lemma dim_le_dim_orthogonal_Suc:
  assumes "vec.subspace E"
  shows "vec.dim E \<le> Suc (vec.dim (E \<inter> {v. polar Q u v = 0}))"
proof -
  define S where "S = E \<inter> {v. polar Q u v = 0}"
  show ?thesis
  proof (cases "\<exists>q\<in>E. polar Q u q \<noteq> 0")
    case True
    then obtain q where q: "q \<in> E" "polar Q u q \<noteq> 0" by blast
    have "E \<subseteq> vec.span (insert q S)"
    proof
      fix p assume "p \<in> E"
      let ?k = "polar Q u p / polar Q u q"
      have "p - ?k *s q \<in> E"
        using assms \<open>p \<in> E\<close> q by (intro vec.subspace_diff vec.subspace_scale)
      moreover have "polar Q u (p - ?k *s q) = 0"
        using q by (simp add: polar_diff_right polar_scale_right)
      ultimately have "p - ?k *s q \<in> S" unfolding S_def by simp
      then show "p \<in> vec.span (insert q S)"
        unfolding vec.span_insert using vec.span_base by blast
    qed
    then have "vec.dim E \<le> vec.dim (insert q S)" by (rule vec.dim_mono)
    also have "\<dots> \<le> Suc (vec.dim S)" by (simp add: vec.dim_insert)
    finally show ?thesis unfolding S_def .
  next
    case False
    then have "E \<inter> {v. polar Q u v = 0} = E" by blast
    then show ?thesis by simp
  qed
qed

lemma average_in_weight_space:
  assumes "A \<subseteq> isometry_group Q" "finite A" "\<And>f g. f \<in> A \<Longrightarrow> g \<in> A \<Longrightarrow> f \<circ> g \<in> A"
    and chi: "linear_character A chi"
  shows "(\<Sum>b\<in>A. chi b *s b x) \<in> weight_space A (\<lambda>a. inverse (chi a))"
proof -
  have "a (\<Sum>b\<in>A. chi b *s b x) = inverse (chi a) *s (\<Sum>b\<in>A. chi b *s b x)" if a: "a \<in> A" for a
  proof -
    have lin: "Vector_Spaces.linear (*s) (*s) a" using a assms(1) isometry_linear by blast
    have "bij_betw ((\<circ>) a) A A"
      using assms(2,3) a assms(1) isometry_inj by (blast intro: bij_betw_comp_left)
    then have "(\<Sum>c\<in>A. (inverse (chi a) * chi c) *s c x)
        = (\<Sum>b\<in>A. (inverse (chi a) * chi (a \<circ> b)) *s (a \<circ> b) x)"
      by (rule sum.reindex_bij_betw[symmetric])
    also have "\<dots> = (\<Sum>b\<in>A. chi b *s a (b x))"
      using chi a by (intro sum.cong) (auto simp: linear_character_def)
    finally have "(\<Sum>b\<in>A. chi b *s a (b x)) = (\<Sum>c\<in>A. (inverse (chi a) * chi c) *s c x)" ..
    then show ?thesis
      by (simp add: vec.linear_sum[OF lin] vec.linear_scale[OF lin] vec.scale_sum_right
          vector_smult_assoc)
  qed
  then show ?thesis by (simp add: weight_space_def)
qed

lemma polar_average:
  assumes "A \<subseteq> isometry_group Q" "linear_character A chi" "u \<in> weight_space A chi"
  shows "polar Q (\<Sum>b\<in>A. chi b *s b x) u = of_nat (card A) * polar Q x u"
proof -
  have "chi b * polar Q (b x) u = polar Q x u" if "b \<in> A" for b
    using polar_eigenvector[of b u "chi b" x] assms that
    by (auto simp: weight_space_def linear_character_def)
  then show ?thesis by (simp add: polar_sum_left polar_scale_left)
qed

····················

• _WORK TO COMPLETE_
All of the lines above that carry the string "assms" need to be found and copied.

• _EXERCISE OUTPUT_
        using assms \<open>p \<in> E\<close> q by (intro vec.subspace_diff vec.subspace_scale)
    have lin: "Vector_Spaces.linear (*s) (*s) a" using a assms(1) isometry_linear by blast
      using assms(2,3) a assms(1) isometry_inj by (blast intro: bij_betw_comp_left)
    using polar_eigenvector[of b u "chi b" x] assms that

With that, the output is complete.